Let’s take a look at one man who puts a very strong emphasis on making an impact from dead ball situations, Mr Tony Pulis. Yes, you knew he was coming. The man is managerial marmite, some hate him for his ‘long ball tactics’, others love him for his evermore individual outlook on the game, however, everyone, even Arsene Wenger, respects him for his achievements as a football boss.

The former Stoke manager has his West Brom side supremely drilled, be that defending set pieces or attacking them. No team has scored more goals from dead balls than the Baggies this season, with a huge 19 of their 39 strikes coming from such an event. A mighty 14 of those goals have been from corners, that is five greater than any other team in the division and a full 14 more than doomed Sunderland.

Pulis’ team aren’t good at set pieces simply because they are ‘big lads’. There’s so much more to it than that. They know how to attack the delivery, they work on it in training tirelessly. Each player knows their role, from the kick taker, to the decoy runner, to the Gareth McAuley or Craig Dawson crashing it home with their forehead; everyone knows their role. Watching the Midlands outfit deploy one of their set piece routines is genuinely impressive, so much so that teams are terrified of facing any ball into the box. That itself is half the battle won. Just ask Arsenal.

 It’s also a total myth that unattractive teams rely on set pieces. Liverpool rank fourth in goals scored from them, while Eddie Howe’s stubbornly attractive Bournemouth side are as high third. The dead ball has its place in the game and it is one that more teams at the top of the division should embrace.

Scoring from a set piece is not a bad thing people. Scoring is never a bad thing. If more teams dedicated more time to free-kicks, corners and the like then maybe, just maybe they too could become a more potent outfit. Maybe, just maybe they could make Tony Pulis fashionable.
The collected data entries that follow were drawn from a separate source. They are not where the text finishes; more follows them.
(* Let $\Bbbk$ be a field and $q\in\Bbbk$ with $[m]_q:=1+q+\cdots+q^{m-1}\ne0$ for all $m\ge1$, and $[m]_q!=[1]_q\cdots[m]_q$. Then for all $k\ge1$, $$\det \begin{pmatrix} 1&\frac{t}{[1]_q!}&\frac{t^2}{[2]_q!}&\ldots &\frac{t^k}{[k]_q!}\\ 1&\frac{1}{[1]_q!}&\frac{1}{[2]_q!}&\ldots &\frac{1}{[k]_q!}\\ 0&1&\frac{1}{[1]_q!}&\ldots &\frac{1}{[k-1]_q!}\\ \vdots&\vdots&\ddots&\ddots&\vdots \\ 0&0&\ldots &1&\frac{1}{[1]_q!} \end{pmatrix} =\frac{(1-t)(q-t)\cdots (q^{k-1}-t)}{[k]_q!}.$$
   Context: The matrix is $(k+1)\times(k+1)$; row $r\ge3$ has zeros in its first $r-2$ entries, $1$ in entry $r-1$, followed by $1/[1]_q!,1/[2]_q!,\dots$. *)

theory Defs
  imports Main "Jordan_Normal_Form.Determinant"
begin

definition qint :: "'a::field \<Rightarrow> nat \<Rightarrow> 'a" where
  "qint q m = (\<Sum>i<m. q ^ i)"

definition qfact :: "'a::field \<Rightarrow> nat \<Rightarrow> 'a" where
  "qfact q m = (\<Prod>i\<in>{1..m}. qint q i)"

definition cor_mat :: "'a::field \<Rightarrow> 'a \<Rightarrow> nat \<Rightarrow> 'a mat" where
  "cor_mat q t k = mat (k+1) (k+1) (\<lambda>(i,j).
     if i = 0 then t ^ j / qfact q j
     else if i - 1 \<le> j then 1 / qfact q (j + 1 - i) else 0)"

end

theory Submission
  imports Defs
begin

text \<open>
  Apart from its first row \<open>a\<close>, the matrix is a lower Hessenberg Toeplitz band with entries
  \<open>e n = 1/[n]!\<close>. Expanding along the first column gives
  \<open>det = \<Sum>j. (-e 0)^j * a j * h (k - j)\<close>, where \<open>h n\<close> is the determinant of the pure
  \<open>n \<times> n\<close> Toeplitz Hessenberg matrix of the band. For this band \<open>h n = q^(n choose 2) / [n]!\<close>,
  so the determinant is \<open>\<Sum>j. (-t)^j q^(k-j choose 2) / ([j]! [k-j]!)\<close>, which the q-binomial
  theorem turns into \<open>(1 - t)(q - t)\<cdots>(q^(k-1) - t) / [k]!\<close>. The formula for \<open>h n\<close> is the
  q-binomial theorem again: at \<open>t = 1\<close> the product vanishes, and the vanishing sum is exactly
  the recursion satisfied by \<open>h\<close>.
\<close>

definition hessenberg_mat :: "(nat \<Rightarrow> 'a::field) \<Rightarrow> (nat \<Rightarrow> 'a) \<Rightarrow> nat \<Rightarrow> 'a mat" where
  "hessenberg_mat a e k = mat (k+1) (k+1) (\<lambda>(i,j).
     if i = 0 then a j else if i - 1 \<le> j then e (j + 1 - i) else 0)"

lemma mat_delete_hessenberg_mat_0_0:
  "mat_delete (hessenberg_mat a e (Suc k)) 0 0 = hessenberg_mat (\<lambda>j. e (Suc j)) e k"
  unfolding hessenberg_mat_def mat_delete_def
  by (rule eq_matI) (auto simp: Suc_diff_le)

lemma mat_delete_hessenberg_mat_1_0:
  "mat_delete (hessenberg_mat a e (Suc k)) (Suc 0) 0 = hessenberg_mat (\<lambda>j. a (Suc j)) e k"
  unfolding hessenberg_mat_def mat_delete_def
  by (rule eq_matI) (auto simp: Suc_diff_le)

lemma det_hessenberg_mat_0: "det (hessenberg_mat a e 0) = a 0"
proof -
  have "det (hessenberg_mat a e 0) =
      (\<Sum>i<1. hessenberg_mat a e 0 $$ (i,0) * cofactor (hessenberg_mat a e 0) i 0)"
    by (rule laplace_expansion_column) (auto simp: hessenberg_mat_def)
  also have "\<dots> = a 0"
    by (simp add: cofactor_def hessenberg_mat_def mat_delete_def)
  finally show ?thesis .
qed

lemma det_hessenberg_mat_Suc:
  "det (hessenberg_mat a e (Suc k)) =
     a 0 * det (hessenberg_mat (\<lambda>j. e (Suc j)) e k) - e 0 * det (hessenberg_mat (\<lambda>j. a (Suc j)) e k)"
proof -
  let ?A = "hessenberg_mat a e (Suc k)"
  have "det ?A = (\<Sum>i<Suc (Suc k). ?A $$ (i,0) * cofactor ?A i 0)"
    by (rule laplace_expansion_column) (auto simp: hessenberg_mat_def)
  also have "\<dots> = (\<Sum>i<2. ?A $$ (i,0) * cofactor ?A i 0)"
    by (rule sum.mono_neutral_right) (auto simp: hessenberg_mat_def)
  also have "\<dots> = ?A $$ (0,0) * det (mat_delete ?A 0 0) - ?A $$ (1,0) * det (mat_delete ?A 1 0)"
    by (simp add: numeral_2_eq_2 cofactor_def)
  moreover have "?A $$ (0,0) = a 0" "?A $$ (1,0) = e 0"
    by (auto simp: hessenberg_mat_def)
  ultimately show ?thesis
    by (simp add: mat_delete_hessenberg_mat_0_0 mat_delete_hessenberg_mat_1_0)
qed

definition toeplitz_hessenberg_det :: "(nat \<Rightarrow> 'a::field) \<Rightarrow> nat \<Rightarrow> 'a" where
  "toeplitz_hessenberg_det e n =
     (if n = 0 then 1 else det (hessenberg_mat (\<lambda>j. e (Suc j)) e (n - 1)))"

lemma det_hessenberg_mat_expansion:
  "det (hessenberg_mat a e k) = (\<Sum>j\<le>k. (- e 0)^j * a j * toeplitz_hessenberg_det e (k - j))"
proof (induction k arbitrary: a)
  case 0
  then show ?case by (simp add: det_hessenberg_mat_0 toeplitz_hessenberg_det_def)
next
  case (Suc k)
  have "det (hessenberg_mat a e (Suc k)) = a 0 * toeplitz_hessenberg_det e (Suc k)
          + (\<Sum>j\<le>k. (- e 0)^Suc j * a (Suc j) * toeplitz_hessenberg_det e (k - j))"
    unfolding det_hessenberg_mat_Suc Suc[of "\<lambda>j. a (Suc j)"]
    by (simp add: toeplitz_hessenberg_det_def sum_distrib_left sum_negf algebra_simps)
  then show ?case
    unfolding sum.atMost_Suc_shift by simp
qed

lemma toeplitz_hessenberg_det_Suc:
  "toeplitz_hessenberg_det e (Suc n) =
     (\<Sum>j\<le>n. (- e 0)^j * e (Suc j) * toeplitz_hessenberg_det e (n - j))"
  using det_hessenberg_mat_expansion[of "\<lambda>j. e (Suc j)" e n]
  by (simp add: toeplitz_hessenberg_det_def)

lemma qfact_0 [simp]: "qfact q 0 = 1"
  by (simp add: qfact_def)

lemma qfact_Suc: "qfact q (Suc n) = qfact q n * qint q (Suc n)"
  by (simp add: qfact_def prod.nat_ivl_Suc')

lemma qint_0 [simp]: "qint q 0 = 0"
  by (simp add: qint_def)

lemma qint_add: "qint q (j + m) = qint q j + q ^ j * qint q m"
  by (induction m) (auto simp: qint_def algebra_simps power_add)

lemma qfact_nonzero:
  assumes "\<And>m. m \<ge> 1 \<Longrightarrow> qint q m \<noteq> 0"
  shows "qfact q n \<noteq> 0"
  using assms by (induction n) (auto simp: qfact_Suc)

definition qbinomial_term :: "'a::field \<Rightarrow> 'a \<Rightarrow> nat \<Rightarrow> nat \<Rightarrow> 'a" where
  "qbinomial_term q t k j = (- t) ^ j * q ^ (k - j choose 2) / (qfact q j * qfact q (k - j))"

definition qbinomial_sum :: "'a::field \<Rightarrow> 'a \<Rightarrow> nat \<Rightarrow> 'a" where
  "qbinomial_sum q t k = (\<Sum>j\<le>k. qbinomial_term q t k j)"

context
  fixes q :: "'a::field"
  assumes qint_nonzero: "\<And>m. m \<ge> 1 \<Longrightarrow> qint q m \<noteq> 0"
begin

lemma qbinomial_term_Suc_left:
  assumes "j \<le> k"
  shows "q ^ j * qint q (Suc k - j) * qbinomial_term q t (Suc k) j = q ^ k * qbinomial_term q t k j"
proof -
  obtain m where k: "k = j + m" using assms le_Suc_ex by blast
  have "Suc k - j = Suc m" "k - j = m" "Suc m choose 2 = (m choose 2) + m"
    using k by (auto simp: numeral_2_eq_2)
  moreover have "qfact q j \<noteq> 0" "qfact q m \<noteq> 0" "qint q (Suc m) \<noteq> 0"
    using qint_nonzero qfact_nonzero by auto
  ultimately show ?thesis
    by (simp add: qbinomial_term_def qfact_Suc k power_add field_simps)
qed

lemma qbinomial_term_Suc_right:
  "qint q (Suc j) * qbinomial_term q t (Suc k) (Suc j) = - t * qbinomial_term q t k j"
proof -
  have "qfact q j \<noteq> 0" "qfact q (k - j) \<noteq> 0" "qint q (Suc j) \<noteq> 0"
    using qint_nonzero qfact_nonzero by auto
  then show ?thesis
    by (simp add: qbinomial_term_def qfact_Suc field_simps)
qed

text \<open>The q-analogue of Pascal's rule: split \<open>[k+1] = q^j [k+1-j] + [j]\<close> termwise.\<close>

lemma qbinomial_sum_Suc: "qint q (Suc k) * qbinomial_sum q t (Suc k) = (q ^ k - t) * qbinomial_sum q t k"
proof -
  let ?b = "qbinomial_term q t (Suc k)"
  have "qint q (Suc k) * qbinomial_sum q t (Suc k) =
      (\<Sum>j\<le>Suc k. q ^ j * qint q (Suc k - j) * ?b j) + (\<Sum>j\<le>Suc k. qint q j * ?b j)"
    unfolding qbinomial_sum_def sum_distrib_left sum.distrib[symmetric]
  proof (rule sum.cong)
    fix j assume "j \<in> {..Suc k}"
    then have "qint q (Suc k) = qint q j + q ^ j * qint q (Suc k - j)"
      using qint_add[of q j "Suc k - j"] by simp
    then show "qint q (Suc k) * ?b j = q ^ j * qint q (Suc k - j) * ?b j + qint q j * ?b j"
      by (simp add: algebra_simps)
  qed simp
  also have "(\<Sum>j\<le>Suc k. q ^ j * qint q (Suc k - j) * ?b j) = q ^ k * qbinomial_sum q t k"
    unfolding qbinomial_sum_def sum_distrib_left by (simp add: qbinomial_term_Suc_left)
  also have "(\<Sum>j\<le>Suc k. qint q j * ?b j) = - t * qbinomial_sum q t k"
    unfolding qbinomial_sum_def sum_distrib_left sum.atMost_Suc_shift
    by (simp add: qbinomial_term_Suc_right)
  finally show ?thesis by (simp add: algebra_simps)
qed

theorem qbinomial_theorem: "qfact q k * qbinomial_sum q t k = (\<Prod>i<k. q ^ i - t)"
proof (induction k)
  case 0
  then show ?case by (simp add: qbinomial_sum_def qbinomial_term_def numeral_2_eq_2)
next
  case (Suc k)
  have "qfact q (Suc k) * qbinomial_sum q t (Suc k) = qfact q k * (qint q (Suc k) * qbinomial_sum q t (Suc k))"
    by (simp add: qfact_Suc)
  also have "\<dots> = (q ^ k - t) * (qfact q k * qbinomial_sum q t k)"
    by (simp add: qbinomial_sum_Suc)
  finally show ?case using Suc by simp
qed

lemma qbinomial_sum_one_Suc: "qbinomial_sum q 1 (Suc n) = 0"
proof -
  have "qfact q (Suc n) * qbinomial_sum q 1 (Suc n) = 0"
    unfolding qbinomial_theorem by (rule prod_zero) (auto intro!: bexI[of _ 0])
  then show ?thesis
    using qfact_nonzero[OF qint_nonzero] by simp
qed

lemma toeplitz_hessenberg_det_inverse_qfact:
  "toeplitz_hessenberg_det (\<lambda>n. 1 / qfact q n) n = q ^ (n choose 2) / qfact q n"
proof (induction n rule: less_induct)
  case (less n)
  show ?case
  proof (cases n)
    case 0
    then show ?thesis by (simp add: toeplitz_hessenberg_det_def numeral_2_eq_2)
  next
    case (Suc m)
    have "toeplitz_hessenberg_det (\<lambda>n. 1 / qfact q n) n =
        (\<Sum>j\<le>m. (-1) ^ j * (1 / qfact q (Suc j)) * (q ^ (m - j choose 2) / qfact q (m - j)))"
      unfolding Suc toeplitz_hessenberg_det_Suc by (rule sum.cong) (auto simp: less Suc)
    also have "\<dots> = q ^ (n choose 2) / qfact q n"
      using qbinomial_sum_one_Suc[of m]
      unfolding Suc qbinomial_sum_def sum.atMost_Suc_shift
      by (simp add: qbinomial_term_def sum_negf)
    finally show ?thesis .
  qed
qed

end

theorem corollary2p5:
  fixes q t :: "'a::field" and k :: nat
  assumes "\<And>m. m \<ge> 1 \<Longrightarrow> qint q m \<noteq> 0"
    and "k \<ge> 1"
  shows "det (cor_mat q t k) = (\<Prod>i<k. q ^ i - t) / qfact q k"
proof -
  have "cor_mat q t k = hessenberg_mat (\<lambda>j. t ^ j / qfact q j) (\<lambda>n. 1 / qfact q n) k"
    unfolding cor_mat_def hessenberg_mat_def by simp
  then have "det (cor_mat q t k) =
      (\<Sum>j\<le>k. (-1) ^ j * (t ^ j / qfact q j) * toeplitz_hessenberg_det (\<lambda>n. 1 / qfact q n) (k - j))"
    by (simp add: det_hessenberg_mat_expansion)
  also have "\<dots> = qbinomial_sum q t k"
    unfolding qbinomial_sum_def qbinomial_term_def
    by (rule sum.cong) (auto simp: toeplitz_hessenberg_det_inverse_qfact[OF assms(1)] power_minus')
  also have "\<dots> = (\<Prod>i<k. q ^ i - t) / qfact q k"
    using qbinomial_theorem[OF assms(1), of k t] qfact_nonzero[OF assms(1), of k]
    by (simp add: field_simps)
  finally show ?thesis .
qed

end
(* Let $A$ and $B$ be symmetric $N\times N$ real matrices, and suppose $B$ has only $K\le N$ non-zero eigenvalues $\lambda_1^B,\dots,\lambda_K^B$. Let $\lambda_1^A,\dots,\lambda_K^A$ be the $K$ largest in absolute value eigenvalues of $A$. Then $$\Big|\sum_{k=1}^K\lambda_k^A-\sum_{k=1}^K\lambda_k^B\Big|\le 3K\|A-B\|.$$
   Context: $\|\cdot\|$ denotes the spectral (operator) norm. Eigenvalues are counted with multiplicity. *)

theory Defs
  imports "HOL-Analysis.Analysis"
begin

definition spec_norm :: "real^'n^'n \<Rightarrow> real" where
  "spec_norm M = onorm (\<lambda>x. M *v x)"

definition eigenvalue_list :: "real^'n^'n \<Rightarrow> real list \<Rightarrow> bool" where
  "eigenvalue_list M es \<longleftrightarrow> length es = CARD('n) \<and>
     (\<forall>x. det (mat x - M) = (\<Prod>e\<leftarrow>es. x - e))"

end

theory Submission
  imports Defs "HOL-Computational_Algebra.Polynomial"
begin
(* Let $\Gamma=(\mathcal{A},\Theta,p,c)$ be a basic game that is a potential game whose potential $\Phi_\theta$ is convex for every $\theta$, and let $\mathcal{I}=(\gamma,\mathcal{T},\pi)$ be an information structure. Define, for interim flow profiles $\hat y$, $\Phi_\pi(\hat y)=\sum_{\theta\in\Theta}\sum_{\tau\in\mathcal{T}}p(\theta)\pi(\tau\mid\theta)\Phi_\theta(y(\tau))$. Then for every $\alpha>0$, every Bayesian Wardrop $\alpha$-equilibrium $\hat y$ of $(\Gamma,\mathcal{I})$ satisfies $\Phi_\pi(\hat y)\le\min_{\hat z}\Phi_\pi(\hat z)+\alpha$, where the minimum is over all interim flow profiles $\hat z$.
   Context: Basic game: $\Gamma=(\mathcal{A},\Theta,p,c)$ with $\mathcal{A}$ a finite set of actions, $\Theta$ a finite set of states, $p\in\Delta(\Theta)$ a full-support prior, and $c=(c_a)_{a\in\mathcal{A}}$ with each $c_a:\mathcal{Y}\times\Theta\to\mathbb{R}$ continuous, where $\mathcal{Y}=\Delta(\mathcal{A})=\{y\in\mathbb{R}^{\mathcal{A}}_{\ge0}:\sum_a y_a=1\}$. For $\gamma>0$, $\Delta_\gamma(\mathcal{A})=\{y\in\mathbb{R}^{\mathcal{A}}_{\ge0}:\sum_a y_a=\gamma\}$. $\Gamma$ is a potential game if for each $\theta$ there is an open set $\widetilde{\mathcal{Y}}\supseteq\mathcal{Y}$ in $\mathbb{R}^{\mathcal{A}}$ and a continuously differentiable $\Phi_\theta:\widetilde{\mathcal{Y}}\to\mathbb{R}$ with $\partial\Phi_\theta(y)/\partial y_a=c_a(y,\theta)$ for all $a$ and $y\in\mathcal{Y}$. Information structure: $\mathcal{I}=(\gamma,\mathcal{T},\pi)$ consisting of a finite set $\mathcal{K}$ of populations with sizes $\gamma^k>0$, $\sum_k\gamma^k=1$; finite type sets $\mathcal{T}^k$, $\mathcal{T}=\prod_k\mathcal{T}^k$; and $\pi:\Theta\to\Delta(\mathcal{T})$. An interim flow profile is $\hat y=(y^k(\tau^k))_{k,\tau^k}$ with $y^k(\tau^k)\in\Delta_{\gamma^k}(\mathcal{A})$; total flow $y(\tau)=\sum_k y^k(\tau^k)$. Let $P(\tau^k)=\sum_\theta\sum_{\tau^{-k}}p(\theta)\pi(\tau^k,\tau^{-k}\mid\theta)$. For $\varepsilon\ge0$, $\hat y$ is a Bayesian Wardrop $\varepsilon$-equilibrium of $(\Gamma,\mathcal{I})$ if for all $k$, all $\tau^k$ with $P(\tau^k)>0$ and all $a,b$ with $y^k_a(\tau^k)>0$: $\sum_\theta\sum_{\tau^{-k}}p(\theta)\pi(\tau^k,\tau^{-k}\mid\theta)c_a(y(\tau),\theta)\le\sum_\theta\sum_{\tau^{-k}}p(\theta)\pi(\tau^k,\tau^{-k}\mid\theta)c_b(y(\tau),\theta)+\varepsilon P(\tau^k)$. *)

theory Defs
  imports "HOL-Analysis.Analysis"
begin
lemma isolated_fixed_point_if_no_Pi_facets:
  fixes P :: "(real^'n) set"
  assumes "simple_polytope P" and "v extreme_point_of P" and iso: "isotropy P lam v = UNIV"
    and "subtorus_codim1 V"
    and none: "\<not> (\<exists>S \<subseteq> facets_through P v. card S = CARD('n) - 1 \<and> (\<forall>F\<in>S. lam F \<in> Pi_lattice V))"
  shows "isolated_fixed_point P lam V (qclass P lam v g)"
proof -
  have "polytope P" using assms(1) by (simp add: simple_polytope_def)
  have "subspace V" and dimV: "dim V = CARD('n) - 1"
    using assms(4) by (auto simp: subtorus_codim1_def)
  have "v \<in> P" using assms(2) by (simp add: extreme_point_of_def)
  define W where "W = - \<Union>{F. F facet_of P \<and> v \<notin> F}"
  have "closed (\<Union>{F. F facet_of P \<and> v \<notin> F})"
  proof (rule closed_Union)
    show "finite {F. F facet_of P \<and> v \<notin> F}"
      using finite_polytope_facets[OF \<open>polytope P\<close>] by (rule rev_finite_subset) blast
    show "\<forall>F\<in>{F. F facet_of P \<and> v \<notin> F}. closed F"
      using face_of_imp_closed[OF polytope_imp_convex polytope_imp_closed] \<open>polytope P\<close>
      by (auto dest: facet_of_imp_face_of)
  qed
  then have "open W" by (simp add: W_def open_Compl)
  define U where "U = ((P \<inter> W) \<times> UNIV) // qrel P lam"
  have "qopen P lam U" unfolding U_def using \<open>open W\<close> by (rule qopen_quotient_open)
  moreover have "qclass P lam v g \<in> U"
    unfolding U_def using \<open>v \<in> P\<close> by (intro qclass_in_quotient) (auto simp: W_def)
  moreover have "y = qclass P lam v g" if "y \<in> U" and "fixed_by V y" for y
  proof -
    obtain q h where q: "q \<in> P \<inter> W" and y: "y = qclass P lam q h"
      using \<open>y \<in> U\<close> unfolding U_def by (rule quotient_qrelE) simp
    have "V \<subseteq> isotropy P lam q" using \<open>fixed_by V y\<close> y by (simp add: fixed_by_qclass_iff)
    moreover have "facets_through P q \<subseteq> facets_through P v"
      using q by (auto simp: W_def)
    ultimately have "q = v"
      using Pi_facets_if_fixed_near_vertex[OF assms(1,2)] q none \<open>subspace V\<close> dimV by blast
    then show ?thesis using y iso by (simp add: qclass_isotropy_UNIV)
  qed
  moreover have "fixed_by V (qclass P lam v g)" using iso by (simp add: fixed_by_qclass_iff)
  ultimately show ?thesis unfolding isolated_fixed_point_def by blast
qed
lemma bform_unit_vec: "gen_idx i \<Longrightarrow> gen_idx j \<Longrightarrow> bform P (unit_vec i) (unit_vec j) = P i j"
  by (auto simp: bform_def sum_gen_def unit_vec_def elim!: gen_idx.elims)

lemma lform_unit_vec: "gen_idx i \<Longrightarrow> lform a (unit_vec i) = a i"
  by (auto simp: lform_def sum_gen_def unit_vec_def elim!: gen_idx.elims)

lemma bform_eq_0_left: "(\<And>k. gen_idx k \<Longrightarrow> w k = 0) \<Longrightarrow> bform P w x = 0"
  by (simp add: bform_def sum_gen_def)

lemma bform_eq_0_right: "(\<And>k. gen_idx k \<Longrightarrow> w k = 0) \<Longrightarrow> bform P x w = 0"
  by (simp add: bform_def sum_gen_def)

lemma bform_eq_0: "(\<And>i j. gen_idx i \<Longrightarrow> gen_idx j \<Longrightarrow> P i j = 0) \<Longrightarrow> bform P x y = 0"
  by (simp add: bform_def sum_gen_def)

lemma lform_eq_0: "(\<And>k. gen_idx k \<Longrightarrow> w k = 0) \<Longrightarrow> lform a w = 0"
  by (simp add: lform_def sum_gen_def)

lemma mul_adapted_alg: "mul (adapted_alg P Q a b \<mu>) x y = (\<lambda>k. if k = E3 then bform P x y
   else if k = E5 then bform Q x y + x E3 * lform a y + lform b x * y E3 + \<mu> * x E3 * y E3 else 0)"
  by (rule ext, case_tac k)
    (simp_all add: mul_def sum_UNIV_idx adapted_alg_def bform_def lform_def sum_gen_def algebra_simps)

lemma mul_adapted_alg_gen_idx: "gen_idx k \<Longrightarrow> mul (adapted_alg P Q a b \<mu>) x y k = 0"
  by (cases k) (simp_all add: mul_adapted_alg)

lemma adapted_alg_leibniz_iff:
  "mul (adapted_alg P Q a b \<mu>) (mul (adapted_alg P Q a b \<mu>) x y) z =
     vadd (mul (adapted_alg P Q a b \<mu>) (mul (adapted_alg P Q a b \<mu>) x z) y)
       (mul (adapted_alg P Q a b \<mu>) x (mul (adapted_alg P Q a b \<mu>) y z)) \<longleftrightarrow>
   bform P x y * (lform a z + \<mu> * z E3) = bform P x z * (lform a y + \<mu> * y E3) + (lform b x + \<mu> * x E3) * bform P y z"
proof -
  let ?G = "adapted_alg P Q a b \<mu>"
  have zero: "bform R (mul ?G u v) w = 0" "bform R w (mul ?G u v) = 0" "lform R' (mul ?G u v) = 0"
    for R R' u v w
    by (simp_all add: bform_eq_0_left bform_eq_0_right lform_eq_0 mul_adapted_alg_gen_idx)
  have e3: "mul ?G u v E3 = bform P u v" for u v
    by (simp add: mul_adapted_alg)
  have "mul ?G (mul ?G u v) w = (\<lambda>k. if k = E5 then bform P u v * (lform a w + \<mu> * w E3) else 0)"
    and "mul ?G u (mul ?G v w) = (\<lambda>k. if k = E5 then (lform b u + \<mu> * u E3) * bform P v w else 0)"
    for u v w
    by (simp_all add: mul_adapted_alg[of P Q a b \<mu> "mul ?G u v"] mul_adapted_alg[of P Q a b \<mu> u "mul ?G v w"]
        zero e3 algebra_simps fun_eq_iff)
  then show ?thesis
    by (simp add: vadd_def fun_eq_iff)
qed

definition leibniz_defect :: "(idx \<Rightarrow> idx \<Rightarrow> complex) \<Rightarrow> (idx \<Rightarrow> complex) \<Rightarrow> (idx \<Rightarrow> complex) \<Rightarrow>
    vec5 \<Rightarrow> vec5 \<Rightarrow> vec5 \<Rightarrow> complex" where
  "leibniz_defect P a b x y z = bform P x y * lform a z - bform P x z * lform a y - lform b x * bform P y z"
If you take a look at least season, both Tottenham and Liverpool feature in the top three for goals scored from set pieces, the campaign before saw Arsenal, Tottenham and champions Chelsea feature inside the five most successful clubs from dead ball situations. Clearly some managers more fashionable than the aforementioned Pulis see set pieces as a relevant and useful tool. Yet, the likes of Man United, Man City and the Gunners all feature in the bottom half for set piece potency this season. It’s just not fashionable.

Perhaps one of the reasons that we, the viewing public hold goals of such nature in such low regard is because of TV. When a goal is scored from a corner, very rarely do you see the likes of Danny Murphy and Phil Neville compliment the routine of the attacking side, instead they pick holes in how the defence have dealt with the situation. It’s an interesting and quite odd phenomena.

The saying goes that every goal comes from a mistake. How utterly joyless. Surely, now and again a delivery is great, an attacker loses his man well, a routine comes off or the goalscorer simply times their jump well? It happens. Attacking play can be superior too.

This addiction to finding flaws that infests the punditry game is perhaps why it has become some engrained in the footballing psyche that set piece goals are bad. If they only come from ‘poor defending’ or someone ‘switching off’, then are they really worth scoring? Yes, frankly, they are. So get your Crocs on, don your baseball cap, go get on your micro scooter and tell the world that set pieces are back and Tony Pulis is a pioneer.